Thanks for sticking with me on this. I have a shameful admission to make...

I bought this laptop for daughter 2 after I gave one to daughter 1 - so I have two exactly the same. I suddenly (and let's face it, belatedly) had the brilliant notion of taking the HD out of the one that works, and putting it in this one. So I did. And got the usual error message. And I *know* that HD is ok, because it goes straight to WinXP in the other computer. So it's getting increasingly hard to see this as anything but a hardware problem.

What baffles me is the way it does know there's a HD in - it just can't boot from it. And it does recognise a CD (it whirrs for a second when you start up...but then stops) but won't boot from it. (And this is *definitely* a bootable CD). So, the computer knows it has a hard drive (but won't boot from it) knows it has a cd (but won't boot from it), but *will* boot from a USB stick.

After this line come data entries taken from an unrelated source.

(* Let $\alpha\ge0$ and $n>\alpha$. Let $B_r$ be the event that $\mathscr{G}(n,\alpha/n)$ has no connected component with more than $r$ vertices and let $L$ be the event that all connected components of $\mathscr{G}(n,\alpha/n)$ are trees. Then for all $r\ge1$, \[ P_{n,\alpha}(B_r)\le P_{n,\alpha}(L)\Bigl(1-\frac{\alpha}{n}\Bigr)^{-\frac12 rn}. \]
   Context: $\mathscr{G}(n,p)$ is the random graph on vertex set $\{1,\dots,n\}$ in which each of the $\binom n2$ unordered pairs is an edge independently with probability $p$; here $p=\alpha/n$, and $P_{n,\alpha}$ is the corresponding probability measure. *)

theory Defs
  imports Complex_Main
begin

definition all_edges :: "nat \<Rightarrow> nat set set" where
  "all_edges n = {e. \<exists>i j. 1 \<le> i \<and> i < j \<and> j \<le> n \<and> e = {i, j}}"

text \<open>Probability of an event (predicate on edge sets) in G(n,p):
  each of the binom(n,2) pairs is an edge independently with probability p.\<close>
definition gnp_prob :: "nat \<Rightarrow> real \<Rightarrow> (nat set set \<Rightarrow> bool) \<Rightarrow> real" where
  "gnp_prob n p A =
     (\<Sum>E\<in>{E. E \<subseteq> all_edges n \<and> A E}.
        p ^ card E * (1 - p) ^ (card (all_edges n) - card E))"

definition adj :: "nat set set \<Rightarrow> nat \<Rightarrow> nat \<Rightarrow> bool" where
  "adj E u v \<longleftrightarrow> {u, v} \<in> E \<and> u \<noteq> v"

definition component :: "nat \<Rightarrow> nat set set \<Rightarrow> nat \<Rightarrow> nat set" where
  "component n E v = {u \<in> {1..n}. (adj E)\<^sup>*\<^sup>* v u}"

definition no_big_comp :: "nat \<Rightarrow> nat \<Rightarrow> nat set set \<Rightarrow> bool" where
  "no_big_comp n r E \<longleftrightarrow> (\<forall>v\<in>{1..n}. card (component n E v) \<le> r)"

text \<open>L: every connected component is a tree, i.e. the (connected) induced subgraph
  on each component has exactly (#vertices - 1) edges.\<close>
definition all_trees :: "nat \<Rightarrow> nat set set \<Rightarrow> bool" where
  "all_trees n E \<longleftrightarrow>
     (\<forall>v\<in>{1..n}. card {e \<in> E. e \<subseteq> component n E v} = card (component n E v) - 1)"

end

theory Submission
  imports Defs
begin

One other oddity - in attempting to find out whether it would use the CD at all (ie, not to boot from but to, say, play music) I have discovered that if I double-click on the hard drive, along with all the folders called things like bin, boot, dev & home, there's a folder called cdrom, but if I look in it, I find I'm looking not at the CD I have in the drive (which I can't find anywhere) but at the contents of the USB memory stick. Uh?

Like I say, I'm getting close to writing it off as an unsolvable hardware thing, but it's frustrating, 'cos I can't help feeling there's actually nothing really terminal wrong with it, and if I only knew the right tweak....
 

wakou

Über Member
Location
Essex
Seems like it is a HW or BIOS issue. Don't write it off!
First factory reset the BIOS and try again.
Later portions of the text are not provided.